To accessorize the National automobile slum we have
invented an
architecture of occult mysticism, based on the competitive contrivance of
new
metaphysics, the more incomprehensible the better. And these two
cultural
developments compliment each other. In both instances the losers are
the
people who have to live in America. The sad truth of the matter is
that the
United States is increasingly composed of thousands of places that are not
worth caring about. The ultimate result will be a nation and a way
of life
that is not worth caring about or defending.

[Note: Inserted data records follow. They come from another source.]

(* Let $(\Omega,\mathcal F,\Pr)$ be a probability space with filtration $\{\mathcal F_n\}_{n\ge0}$, let $\alpha>0$, $\xi>0$, and let $\{T_n\}_{n\ge0}\subset(0,1)$ be strictly decreasing and deterministic with $\sum_nT_n=\infty$, $\sum_nT_n^2<\infty$. Let $\{z_n\}$ be non-negative and adapted with $\mathbb{E}[z_{n+1}\mid\mathcal F_n]\le(1-\alpha T_n)z_n+\xi T_n$ a.s., and suppose there is a constant $B_1\ge\alpha$ with $|z_{n+1}-z_n|\le B_1T_n(z_n+1)$ a.s. for all $n$. Assume in addition that there is a constant $\eta>0$ with (A1) $\liminf_{n\to\infty} nT_n>\frac{\eta}{2\alpha}$; and (A2) $\sum_n (n+1)^\eta T_n^2<\infty$. Then $$\lim_{n\to\infty} n^{\eta/2}\, d\big(z_n,[0,\xi/\alpha]\big)=0\quad\text{a.s.}$$
   Context: For $z\in\mathbb R$ and an interval $Z\subset\mathbb R$, $d(z,Z)\doteq\inf_{\tilde z\in Z}|z-\tilde z|$. *)

theory Defs
  imports "HOL-Probability.Probability"
begin

end

theory Submission
  imports Defs
begin

(* Let V n = (max 0 (z n - \<xi>/\<alpha>))\<^sup>2 be the squared excess over the interval. The increment bound
   and the drift give E[V (n+1) | F n] \<le> (1 - 2\<alpha> T n + 2 B\<^sub>1\<^sup>2 (T n)\<^sup>2) V n + O((T n)\<^sup>2).
   By (A1) there is l with 2\<alpha>l > \<eta> and n T n > l eventually, so the weight (n+1) powr \<eta> grows
   in one step by at most exp (\<eta> T n / l), and W n = (n+1) powr \<eta> * V n still contracts:
   E[W (n+1) | F n] \<le> exp (-\<epsilon> T n) W n + f n with \<epsilon> > 0 and f summable by (A2).
   W plus the tail sums of f is a nonnegative supermartingale. On a level set of W N the
   integrals of W tend to 0 because \<Sum> T n = \<infinity>, and the maximal inequality upgrades this to
   W n \<longrightarrow> 0 almost surely. Finally n powr (\<eta>/2) * d(z n, [0, \<xi>/\<alpha>]) \<le> sqrt (W n). *)

section \<open>Deterministic contraction recursions\<close>

lemma nonneg_not_summable_partial_sums_at_top:
  fixes T :: "nat \<Rightarrow> real"
  assumes nonneg: "\<And>n. 0 \<le> T n" and not_summable: "\<not> summable T"
  shows "filterlim (\<lambda>n. \<Sum>j<n. T j) at_top sequentially"
  unfolding filterlim_at_top eventually_sequentially
proof (intro allI, rule ccontr)
  fix S
  assume "\<nexists>n0. \<forall>n\<ge>n0. S \<le> (\<Sum>j<n. T j)"
  then have below: "\<exists>m\<ge>n. (\<Sum>j<m. T j) < S" for n by (auto simp: not_le)
  have "(\<Sum>j<n. T j) \<le> S" for n
  proof -
    obtain m where "m \<ge> n" "(\<Sum>j<m. T j) < S" using below by blast
    moreover have "(\<Sum>j<n. T j) \<le> (\<Sum>j<m. T j)"
      using \<open>m \<ge> n\<close> nonneg by (intro sum_mono2) auto
    ultimately show ?thesis by simp
  qed
  then have "summable T" by (rule summableI_nonneg_bounded[OF nonneg])
  with not_summable show False ..
qed

lemma contraction_recursion_iterate:
  fixes a f T :: "nat \<Rightarrow> real"
  assumes rec: "\<And>n. n \<ge> k \<Longrightarrow> a (Suc n) \<le> exp (- \<epsilon> * T n) * a n + f n"
    and f_nonneg: "\<And>n. 0 \<le> f n" and T_nonneg: "\<And>n. 0 \<le> T n" and "0 \<le> \<epsilon>"
  shows "a (k + n) \<le> exp (- \<epsilon> * (\<Sum>j<n. T (k + j))) * a k + (\<Sum>j<n. f (k + j))"
proof (induction n)
  case 0
  then show ?case by simp
next
  case (Suc n)
  let ?S = "\<Sum>j<n. T (k + j)" and ?F = "\<Sum>j<n. f (k + j)" and ?e = "exp (- \<epsilon> * T (k + n))"
  have "?e \<le> 1" using \<open>0 \<le> \<epsilon>\<close> T_nonneg[of "k + n"] by simp
  moreover have "0 \<le> ?F" using f_nonneg by (simp add: sum_nonneg)
  ultimately have "?e * ?F \<le> ?F" by (simp add: mult_left_le_one_le)
  have "a (k + Suc n) \<le> ?e * a (k + n) + f (k + n)"
    using rec[of "k + n"] by simp
  also have "\<dots> \<le> ?e * (exp (- \<epsilon> * ?S) * a k + ?F) + f (k + n)"
    using Suc.IH by (intro add_right_mono mult_left_mono) auto
  also have "\<dots> = exp (- \<epsilon> * (?S + T (k + n))) * a k + ?e * ?F + f (k + n)"
    by (simp add: algebra_simps exp_add[symmetric])
  also have "\<dots> \<le> exp (- \<epsilon> * (?S + T (k + n))) * a k + ?F + f (k + n)"
    using \<open>?e * ?F \<le> ?F\<close> by simp
  finally show ?case by (simp add: add.assoc)
qed

lemma contraction_recursion_tendsto_zero:
  fixes a f T :: "nat \<Rightarrow> real"
  assumes rec: "\<And>n. n \<ge> N \<Longrightarrow> a (Suc n) \<le> exp (- \<epsilon> * T n) * a n + f n"
    and a_nonneg: "\<And>n. n \<ge> N \<Longrightarrow> 0 \<le> a n"
    and f_nonneg: "\<And>n. 0 \<le> f n" and f_summable: "summable f"
    and T_nonneg: "\<And>n. 0 \<le> T n" and T_not_summable: "\<not> summable T" and "\<epsilon> > 0"
  shows "a \<longlonglongrightarrow> 0"
proof (rule order_tendstoI)
  fix r :: real
  assume "r < 0"
  then show "eventually (\<lambda>n. r < a n) sequentially"
    using a_nonneg unfolding eventually_sequentially by (meson less_le_trans)
next
  fix r :: real
  assume "0 < r"
  then obtain k0 where k0: "\<And>n. n \<ge> k0 \<Longrightarrow> norm (\<Sum>i. f (i + n)) < r / 2"
    using suminf_exist_split[OF _ f_summable, of "r / 2"] by auto
  define k where "k = max k0 N"
  have tail: "(\<Sum>j<m. f (k + j)) < r / 2" for m
  proof -
    have "(\<Sum>j<m. f (k + j)) \<le> (\<Sum>j. f (j + k))"
      using sum_le_suminf[of "\<lambda>j. f (j + k)" "{..<m}"] f_summable f_nonneg
      by (simp add: summable_iff_shift add.commute)
    also have "\<dots> < r / 2" using k0[of k] by (simp add: k_def)
    finally show ?thesis .
  qed
  have "filterlim (\<lambda>m. \<Sum>j<m. T (k + j)) at_top sequentially"
    using T_nonneg T_not_summable summable_iff_shift[of T k]
    by (intro nonneg_not_summable_partial_sums_at_top) (auto simp: add.commute)
  then have "filterlim (\<lambda>m. - \<epsilon> * (\<Sum>j<m. T (k + j))) at_bot sequentially"
    using \<open>\<epsilon> > 0\<close> by (intro filterlim_tendsto_neg_mult_at_bot[OF tendsto_const]) auto
  then have "(\<lambda>m. exp (- \<epsilon> * (\<Sum>j<m. T (k + j))) * a k) \<longlonglongrightarrow> 0 * a k"
    by (intro tendsto_mult_right filterlim_compose[OF exp_at_bot])
  then have "eventually (\<lambda>m. exp (- \<epsilon> * (\<Sum>j<m. T (k + j))) * a k < r / 2) sequentially"
    using \<open>0 < r\<close> by (intro order_tendstoD) auto
  then obtain m0 where m0: "\<And>m. m \<ge> m0 \<Longrightarrow> exp (- \<epsilon> * (\<Sum>j<m. T (k + j))) * a k < r / 2"
    unfolding eventually_sequentially by blast
  have a_shift: "a (k + m) < r" if "m \<ge> m0" for m
    using contraction_recursion_iterate[of k a \<epsilon> T f m] rec f_nonneg T_nonneg \<open>\<epsilon> > 0\<close>
      m0[OF that] tail[of m] by (simp add: k_def)
  have "a n < r" if "n \<ge> k + m0" for n
    using a_shift[of "n - k"] that by simp
  then show "eventually (\<lambda>n. a n < r) sequentially"
    unfolding eventually_sequentially by blast
qed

We have accomplished something really remarkable in
America. We have
perfected an individual trasportation system that can now take us with
perfect comfort and ease to places that are not worth going to and
certainly
not worth living in.
This is the salient characteristic of the American town
and city today.
They are places with no sense of a future. What is the destiny
of the
K-marts and Burger Kings of Dallas? I ask myself this question often.
It
may lead to yet another branch of metaphysics.

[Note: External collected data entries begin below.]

lemma strong_tournament_proper_subset_cases:
  assumes T: "tournament V A" and S: "strongly_connected V A"
    and W: "W \<subseteq> V" "W \<noteq> {}" "W \<noteq> V"
  obtains (mixed) u a b where "u \<in> V - W" "a \<in> W" "(u, a) \<in> A" "b \<in> W" "(b, u) \<in> A"
    | (cycle) x y where "x \<in> V - W" "y \<in> V - W" "\<forall>w\<in>W. (x, w) \<in> A" "\<forall>w\<in>W. (w, y) \<in> A"
      "(y, x) \<in> A"
proof (cases "\<exists>u\<in>V - W. \<exists>a\<in>W. \<exists>b\<in>W. (u, a) \<in> A \<and> (b, u) \<in> A")
  case True
  then show thesis
    using mixed by blast
next
  case False
  note arc_iff = tournamentD(3)[OF T] and AV = tournamentD(1)[OF T]
  have dominated: "(w, v) \<in> A" if "v \<in> V - W" "w' \<in> W" "(w', v) \<in> A" "w \<in> W" for v w w'
  proof (rule ccontr)
    assume "(w, v) \<notin> A"
    then have "(v, w) \<in> A"
      using arc_iff[of v w] that W(1) by auto
    then show False
      using False that by blast
  qed
  have dominating: "(v, w) \<in> A" if "v \<in> V - W" "w' \<in> W" "(v, w') \<in> A" "w \<in> W" for v w w'
  proof (rule ccontr)
    assume "(v, w) \<notin> A"
    then have "(w, v) \<in> A"
      using arc_iff[of v w] that W(1) by auto
    then show False
      using False that by blast
  qed
  define Y where "Y = {v \<in> V - W. \<forall>w\<in>W. (w, v) \<in> A}"
  obtain w1 v where "w1 \<in> W" "v \<in> V - W" "(w1, v) \<in> A"
    using strongly_connected_leaving_arc[OF S AV W] .
  then have "v \<in> Y"
    unfolding Y_def using dominated by auto
  moreover have "Y \<subseteq> V" "Y \<noteq> V"
    using W unfolding Y_def by blast+
  ultimately obtain y z where y: "y \<in> Y" and z: "z \<in> V - Y" and yz: "(y, z) \<in> A"
    using strongly_connected_leaving_arc[OF S AV, of Y] by blast
  have "z \<notin> W"
    using y yz arc_iff[of y z] W(1) unfolding Y_def by auto
  then obtain w2 where "w2 \<in> W" "(w2, z) \<notin> A"
    using z unfolding Y_def by blast
  then have "(z, w2) \<in> A"
    using arc_iff[of z w2] z \<open>z \<notin> W\<close> W(1) by auto
  then have "\<forall>w\<in>W. (z, w) \<in> A"
    using dominating z \<open>z \<notin> W\<close> \<open>w2 \<in> W\<close> by blast
  moreover have "y \<in> V - W" "\<forall>w\<in>W. (w, y) \<in> A"
    using y unfolding Y_def by auto
  ultimately show thesis
    using cycle[of z y] z \<open>z \<notin> W\<close> yz by blast
qed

We cannot blame places like Dallas, Texas, and Phoenix,
Arizona, for
having no past. This is self-evident. What is not so
self-evident is that
they should have been busy creating a past for themselves in the short
time
they have existed. But they will have none. American culture
as currently
constituted will not support the idea of future connected to the past
through
the medium of a hopeful present.
This is what I think lies at the heart of the classical
tradition -- it
is not a collection of motifs, not a menu of styles. It is an
attitude
toward the project of civilization, which is based on the idea that we are
poised between memory and hope; that we have come from someplace memorable
and are bound for someplace hopeful, and that the present time we occupy
ought to be endowed with grace.
I, for one, am deeply grateful that the 20th Century is
over. The world
now has an excuse -- if one is needed -- to get on with the task of being
human. Modern-ism -- the notion that a particular time is exempted
from
history -- is now itself an historical idea and, ironically, subject now
to
the terrible judgement of history. As I wrote in one of my own books,
ridicule is the unfortunate destiny of the ridiculous.
We need an everyday world that is worthy of our
affection, that is worthy
of our aspirations, that is worthy of what is best in the human spirit,
not
what is worst, most antisocial, most paranoid, most destructive.
I congratulate you for choosing your heroic pathway in
a difficult
profession, and I hope you have a very successful meeting in this
beautiful
city.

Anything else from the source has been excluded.